Société

Assurance maladie : le grand chantier numérique de la CNAMGS démarre à La Sablière

L'ANINF a remis à la CNAMGS l'audit qui doit moderniser durablement les outils de l'assurance maladie des Gabonais.

Trois mois après avoir signé leur accord, l'Agence nationale des infrastructures numériques et des fréquences et la Caisse nationale d'assurance maladie ont franchi une étape concrète le 12 août à La Sablière. L'audit des systèmes d'information de la CNAMGS a été officiellement remis, avec un diagnostic clair et trois chantiers prioritaires à mener.

Responsables de l'ANINF et de la CNAMGS lors de la remise officielle de l'audit numérique au siège de la Caisse à La Sablière
L'ANINF a remis les conclusions de son audit à la CNAMGS le 12 août 2026, à La Sablière.

Au siège de la CNAMGS, à La Sablière, la réunion du 12 août n'avait rien d'une simple formalité administrative. Les équipes de l'ANINF y ont présenté le résultat de plusieurs semaines de travail : un état des lieux complet des systèmes informatiques qui font tourner, au quotidien, l'assurance maladie de centaines de milliers de Gabonais.

Derrière ce rendez-vous technique se cache un enjeu très concret pour les assurés. Une carte qui ne passe pas, un remboursement qui traîne, un dossier introuvable : ces désagréments trouvent souvent leur origine dans des outils numériques vieillissants ou mal connectés entre eux. L'audit avait précisément pour mission de repérer ces points de fragilité avant de les corriger.

Trois piliers pour un système plus fiable

Le diagnostic de l'ANINF a identifié trois axes de travail indissociables : les ressources humaines, la donnée et les infrastructures. Un ordinateur dernier cri ne sert à rien si personne n'est formé pour l'utiliser correctement, si les informations qu'il traite sont incomplètes, ou si le réseau qui le relie au reste du système est fragile.

Cette approche par piliers change la donne pour la suite.
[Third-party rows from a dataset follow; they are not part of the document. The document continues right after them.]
lemma (in prob_space) mutually_indep_seqs_indep_vars:
  fixes f :: "nat \<Rightarrow> 'm::euclidean_space \<Rightarrow> 'c::topological_space"
    and g :: "nat \<Rightarrow> 'n::euclidean_space \<Rightarrow> 'c"
  assumes ind: "mutually_indep_seqs M Xs Ys" and S: "S \<subseteq> {1..}"
    and f: "\<And>j. j \<in> S \<Longrightarrow> f j \<in> borel_measurable borel"
    and g: "\<And>j. j \<in> S \<Longrightarrow> g j \<in> borel_measurable borel"
  shows "indep_vars (\<lambda>_. borel)
           (\<lambda>i \<omega>. case i of Inl j \<Rightarrow> f j (Xs j \<omega>) | Inr j \<Rightarrow> g j (Ys j \<omega>)) (Inl ` S \<union> Inr ` S)"
  unfolding indep_vars_def2
proof (intro conjI ballI)
  fix i assume "i \<in> Inl ` S \<union> Inr ` S"
  then consider (X) j where "j \<in> S" "i = Inl j" | (Y) j where "j \<in> S" "i = Inr j"
    by blast
  then show "random_variable borel (\<lambda>\<omega>. case i of Inl j \<Rightarrow> f j (Xs j \<omega>) | Inr j \<Rightarrow> g j (Ys j \<omega>))"
  proof cases
    case X
    then have "Xs j \<in> borel_measurable M"
      using ind S by (auto simp: mutually_indep_seqs_def)
    with X f show ?thesis
      by (simp add: measurable_compose[of "Xs j"])
  next
    case Y
    then have "Ys j \<in> borel_measurable M"
      using ind S by (auto simp: mutually_indep_seqs_def)
    with Y g show ?thesis
      by (simp add: measurable_compose[of "Ys j"])
  qed
next
  have "indep_sets (\<lambda>i. case i of
              Inl k \<Rightarrow> {Xs k -` A \<inter> space M | A. A \<in> sets borel}
            | Inr k \<Rightarrow> {Ys k -` B \<inter> space M | B. B \<in> sets borel}) (Inl ` S \<union> Inr ` S)"
  proof (rule indep_sets_mono_index)
    show "indep_sets (\<lambda>i. case i of
              Inl k \<Rightarrow> {Xs k -` A \<inter> space M | A. A \<in> sets borel}
            | Inr k \<Rightarrow> {Ys k -` B \<inter> space M | B. B \<in> sets borel}) (Inl ` {1..} \<union> Inr ` {1..})"
      using ind unfolding mutually_indep_seqs_def by (elim conjE)
    show "Inl ` S \<union> Inr ` S \<subseteq> Inl ` {1..} \<union> Inr ` {1..}"
      using S by blast
  qed
  then show "indep_sets (\<lambda>i. {(\<lambda>\<omega>. case i of Inl j \<Rightarrow> f j (Xs j \<omega>) | Inr j \<Rightarrow> g j (Ys j \<omega>)) -` A \<inter> space M
      | A. A \<in> sets borel}) (Inl ` S \<union> Inr ` S)"
  proof (rule indep_sets_mono_sets)
    fix i assume "i \<in> Inl ` S \<union> Inr ` S"
    then consider (X) j where "j \<in> S" "i = Inl j" | (Y) j where "j \<in> S" "i = Inr j"
      by blast
    then show "{(\<lambda>\<omega>. case i of Inl j \<Rightarrow> f j (Xs j \<omega>) | Inr j \<Rightarrow> g j (Ys j \<omega>)) -` A \<inter> space M
        | A. A \<in> sets borel} \<subseteq> (case i of
              Inl k \<Rightarrow> {Xs k -` A \<inter> space M | A. A \<in> sets borel}
            | Inr k \<Rightarrow> {Ys k -` B \<inter> space M | B. B \<in> sets borel})"
      by cases (simp_all add: f g preimage_comp_sets_borel_subset)
  qed
qed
Plutôt que de changer un logiciel ici ou une machine là, la CNAMGS s'engage désormais dans une modernisation d'ensemble, pensée pour tenir dans la durée plutôt que pour éteindre un incendie après l'autre.

L'ANINF, la main technique de l'État numérique

Cette mission confirme le rôle que joue de plus en plus l'ANINF auprès des institutions publiques gabonaises : celui d'opérateur technique chargé de bâtir, pour le compte de l'État, une administration plus fiable et plus sécurisée. Après la CNAMGS, d'autres organismes publics pourraient suivre le même chemin d'audit et de mise à niveau.

Pour les assurés, la promesse est simple à formuler : des services numériques plus rapides, des données mieux protégées et, à terme, une caisse d'assurance maladie capable de répondre plus efficacement aux besoins de ses usagers, qu'ils vivent à Libreville, à Port-Gentil ou dans une préfecture de l'intérieur. La feuille de route est désormais posée ; place à sa mise en œuvre.